Start of Records for the exercise

lemma real_root_unique_complex:
  fixes z :: complex and \<rho> :: real
  assumes "1 < \<rho>" "\<rho> ^ n * (\<rho> - 1) = 1" "z \<in> \<real>" "1 < cmod z" "z ^ n * (z - 1) = 1"
  shows "z = of_real \<rho>"
proof -
  obtain t where t: "z = of_real t" using assms(3) by (auto elim: Reals_cases)
  have "of_real (t ^ n * (t - 1)) = (1 :: complex)"
    using assms(5) by (simp add: t)
  then have "t ^ n * (t - 1) = 1"
    using of_real_eq_1_iff by blast
  then show ?thesis
    using real_root_unique[OF assms(1,2)] assms(4) by (simp add: t)
qed

lemma cmod_diff_one_eq_imp_of_real:
  assumes "cmod (z - 1) = cmod z - 1"
  shows "z = of_real (cmod z)"
proof -
  have "(Re z - 1)^2 + (Im z)^2 = (cmod z - 1)^2"
    using cmod_power2[of "z - 1"] assms by simp
  moreover have "(Re z)^2 + (Im z)^2 = (cmod z)^2"
    by (simp add: cmod_power2)
  ultimately have "Re z = cmod z"
    by (simp add: power2_eq_square algebra_simps)
  then have "Im z = 0"
    using \<open>(Re z)^2 + (Im z)^2 = (cmod z)^2\<close> by simp
  then show ?thesis using \<open>Re z = cmod z\<close> by (simp add: complex_eq_iff)
qed

lemma real_root_strictly_dominant:
  fixes z :: complex and \<rho> :: real
  assumes "1 < \<rho>" "\<rho> ^ n * (\<rho> - 1) = 1" "z ^ n * (z - 1) = 1" "\<rho> \<le> cmod z"
  shows "z = of_real \<rho>"
proof -
  have product: "cmod z ^ n * cmod (z - 1) = \<rho> ^ n * (\<rho> - 1)"
    using arg_cong[OF assms(3), of cmod] assms(2) by (simp add: norm_mult norm_power)
  have triangle: "cmod z - 1 \<le> cmod (z - 1)"
    using norm_triangle_ineq2[of z 1] by simp
  have "cmod z = \<rho>"
  proof (rule ccontr)
    assume "cmod z \<noteq> \<rho>"
    then have "\<rho> ^ n * (\<rho> - 1) < cmod z ^ n * cmod (z - 1)"
      using assms(1,4) triangle by (intro mult_le_less_imp_less power_mono) auto
    then show False using product by simp
  qed
  then have "cmod (z - 1) = cmod z - 1"
    using product assms(1) by simp
  then show ?thesis
    using cmod_diff_one_eq_imp_of_real \<open>cmod z = \<rho>\<close> by metis
qed

lemma rcis_arccos:
  assumes "0 < R" "\<bar>x\<bar> \<le> R"
  shows "rcis R (arccos (x / R)) = Complex x (sqrt (R^2 - x^2))"
proof -
  have bounds: "\<bar>x / R\<bar> \<le> 1" using assms by (simp add: divide_le_eq_1)
  have "1 - (x / R)^2 = (R^2 - x^2) / R^2"
    using assms(1) by (simp add: field_simps)
  then have "R * sin (arccos (x / R)) = sqrt (R^2 - x^2)"
    using bounds assms(1) by (simp add: sin_arccos_abs real_sqrt_divide)
  then show ?thesis
    using bounds assms(1) by (simp add: rcis_def cis.ctr complex_eq_iff cos_arccos_abs)
qed

lemma triangle_apex_bounds:
  fixes R S :: real
  assumes "\<bar>R - S\<bar> \<le> 1" "1 \<le> R + S"
  defines "X \<equiv> (R^2 + 1 - S^2) / 2"
  shows "\<bar>X\<bar> \<le> R" "\<bar>X - 1\<bar> \<le> S" "S^2 - (X - 1)^2 = R^2 - X^2"
proof -
  have "(R - 1)^2 \<le> S^2" "S^2 \<le> (R + 1)^2" "R^2 \<le> (S + 1)^2" "(S - 1)^2 \<le> R^2"
    using assms(1,2) by (auto simp: abs_le_square_iff[symmetric] abs_le_iff)
  then have "R^2 - 2*R + 1 \<le> S^2" "S^2 \<le> R^2 + 2*R + 1"
      "R^2 \<le> S^2 + 2*S + 1" "S^2 - 2*S + 1 \<le> R^2"
    by (simp_all add: power2_diff power2_sum)
  moreover have "2 * X = R^2 + 1 - S^2" "(X - 1)^2 = X^2 - 2*X + 1"
    by (simp_all add: X_def power2_diff)
  ultimately show "\<bar>X\<bar> \<le> R" "\<bar>X - 1\<bar> \<le> S" "S^2 - (X - 1)^2 = R^2 - X^2"
    by (simp_all add: abs_le_iff)
qed

(* For the triangle 0, 1, z with |z| = R and |z - 1| = S, x is Re z and the two arccos
   terms are arg z and arg (z - 1) (law of cosines), so this is arg (z^n (z - 1)). *)
definition apex_angle :: "nat \<Rightarrow> real \<Rightarrow> real \<Rightarrow> real" where
  "apex_angle n R S = (let x = (R^2 + 1 - S^2) / 2 in real n * arccos (x / R) + arccos ((x - 1) / S))"

lemma triangle_apex_root:
  fixes R S :: real
  assumes "0 < R" "0 < S" "\<bar>R - S\<bar> \<le> 1" "1 \<le> R + S" "R ^ n * S = 1"
    and "apex_angle n R S = 2 * pi"
  shows "\<exists>z::complex. z ^ n * (z - 1) = 1 \<and> cmod z = R"
proof -
  define X where "X = (R^2 + 1 - S^2) / 2"
  define z where "z = rcis R (arccos (X / R))"
  note apex = triangle_apex_bounds[OF assms(3,4), folded X_def]
  have "z = Complex X (sqrt (R^2 - X^2))"
    unfolding z_def using assms(1) apex(1) by (rule rcis_arccos)
  also have "\<dots> = rcis S (arccos ((X - 1) / S)) + 1"
    using rcis_arccos[OF assms(2) apex(2)] apex(3) by (simp add: complex_eq_iff)
  finally have "z - 1 = rcis S (arccos ((X - 1) / S))" by simp
  then have "z ^ n * (z - 1) = rcis (R ^ n * S) (apex_angle n R S)"
    by (simp add: z_def DeMoivre2 rcis_mult apex_angle_def X_def Let_def)
  also have "\<dots> = 1"
    using assms(5,6) by (simp add: rcis_def)
  finally show ?thesis
    using assms(1) by (intro exI[of _ z]) (simp add: z_def)
qed

lemma triangle_sides_below_real_root:
  fixes R \<rho> :: real
  assumes "1 < \<rho>" "\<rho> ^ n * (\<rho> - 1) = 1" "1 \<le> R" "R \<le> \<rho>"
  shows "0 < 1 / R ^ n" "\<bar>R - 1 / R ^ n\<bar> \<le> 1" "1 \<le> R + 1 / R ^ n"
proof -
  have "R ^ n * (R - 1) \<le> 1"
    using power_mult_minus_one_strict_mono[of R \<rho> n] assms by (cases "R = \<rho>") auto
  then have "R - 1 \<le> 1 / R ^ n"
    using assms(3) by (simp add: field_simps)
  moreover have "0 < 1 / R ^ n" "1 / R ^ n \<le> 1"
    using assms(3) by (simp_all add: one_le_power)
  ultimately show "0 < 1 / R ^ n" "\<bar>R - 1 / R ^ n\<bar> \<le> 1" "1 \<le> R + 1 / R ^ n"
    using assms(3) by arith+
qed

lemma continuous_on_apex_angle:
  fixes \<rho> :: real
  assumes "1 < \<rho>" "\<rho> ^ n * (\<rho> - 1) = 1"
  shows "continuous_on {1..\<rho>} (\<lambda>R. apex_angle n R (1 / R ^ n))"
proof -
  define S where "S R = 1 / R ^ n" for R :: real
  define X where "X R = (R^2 + 1 - (S R)^2) / 2" for R
  note triangle = triangle_sides_below_real_root[OF assms, folded S_def]
  have arccos_domain: "-1 \<le> X R / R \<and> X R / R \<le> 1"
      "-1 \<le> (X R - 1) / S R \<and> (X R - 1) / S R \<le> 1" if "R \<in> {1..\<rho>}" for R
  proof -
    have R: "1 \<le> R" "R \<le> \<rho>" using that by simp_all
    then have "\<bar>X R / R\<bar> \<le> 1" "\<bar>(X R - 1) / S R\<bar> \<le> 1"
      using triangle_apex_bounds[OF triangle(2,3)[OF R]] triangle(1)[OF R]
      by (simp_all add: X_def divide_le_eq_1 abs_divide)
    then show "-1 \<le> X R / R \<and> X R / R \<le> 1" "-1 \<le> (X R - 1) / S R \<and> (X R - 1) / S R \<le> 1"
      by (auto simp: abs_le_iff simp del: abs_divide)
  qed
  have nonzero: "R \<noteq> 0" "S R \<noteq> 0" if "R \<in> {1..\<rho>}" for R
    using that triangle(1)[of R] by auto
  have "continuous_on {1..\<rho>} S"
    unfolding S_def by (intro continuous_intros) auto
  moreover from this have "continuous_on {1..\<rho>} X"
    unfolding X_def by (intro continuous_intros) auto
  ultimately have "continuous_on {1..\<rho>} (\<lambda>R. real n * arccos (X R / R) + arccos ((X R - 1) / S R))"
    by (auto intro!: continuous_intros arccos_domain nonzero)
  then show ?thesis
    by (simp add: apex_angle_def X_def S_def Let_def)
qed

lemma apex_angle_crosses_2pi:
  fixes \<rho> :: real
  assumes "5 \<le> n" "1 < \<rho>" "\<rho> ^ n * (\<rho> - 1) = 1"
  shows "\<exists>R. 1 < R \<and> R < \<rho> \<and> apex_angle n R (1 / R ^ n) = 2 * pi"
proof -
  have "1 / \<rho> ^ n = \<rho> - 1"
    using assms(2,3) by (simp add: field_simps)
  moreover have "(\<rho>^2 + 1 - (\<rho> - 1)^2) / 2 = \<rho>"
    by (simp add: power2_eq_square algebra_simps)
  ultimately have at_\<rho>: "apex_angle n \<rho> (1 / \<rho> ^ n) = 0"
    using assms(2) by (simp add: apex_angle_def)
  have "apex_angle n 1 (1 / 1 ^ n) = real n * (pi / 3) + 2 * pi / 3"
    by (simp add: apex_angle_def arccos_minus)
  moreover have "5 * (pi / 3) \<le> real n * (pi / 3)"
    using assms(1) by (intro mult_right_mono) auto
  ultimately have at_1: "2 * pi < apex_angle n 1 (1 / 1 ^ n)"
    using pi_gt_zero by linarith
  obtain R where "1 \<le> R" "R \<le> \<rho>" "apex_angle n R (1 / R ^ n) = 2 * pi"
    using IVT2'[of "\<lambda>R. apex_angle n R (1 / R ^ n)" \<rho> "2 * pi" 1] at_\<rho> at_1
      continuous_on_apex_angle[OF assms(2,3)] assms(2) by auto
  moreover have "R \<noteq> 1" "R \<noteq> \<rho>"
    using calculation at_1 at_\<rho> by auto
  ultimately show ?thesis
    by (intro exI[of _ R]) auto
qed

End of Records for the exercise

## Task directions
Read through the entries, then copy every line where the string "shows" is found.

## The answer
  shows "z = of_real \<rho>"
  shows "z = of_real (cmod z)"
  shows "z = of_real \<rho>"
  shows "rcis R (arccos (x / R)) = Complex x (sqrt (R^2 - x^2))"
  shows "\<bar>X\<bar> \<le> R" "\<bar>X - 1\<bar> \<le> S" "S^2 - (X - 1)^2 = R^2 - X^2"
  shows "\<exists>z::complex. z ^ n * (z - 1) = 1 \<and> cmod z = R"
  shows "0 < 1 / R ^ n" "\<bar>R - 1 / R ^ n\<bar> \<le> 1" "1 \<le> R + 1 / R ^ n"
  shows "continuous_on {1..\<rho>} (\<lambda>R. apex_angle n R (1 / R ^ n))"
  shows "\<exists>R. 1 < R \<and> R < \<rho> \<and> apex_angle n R (1 / R ^ n) = 2 * pi"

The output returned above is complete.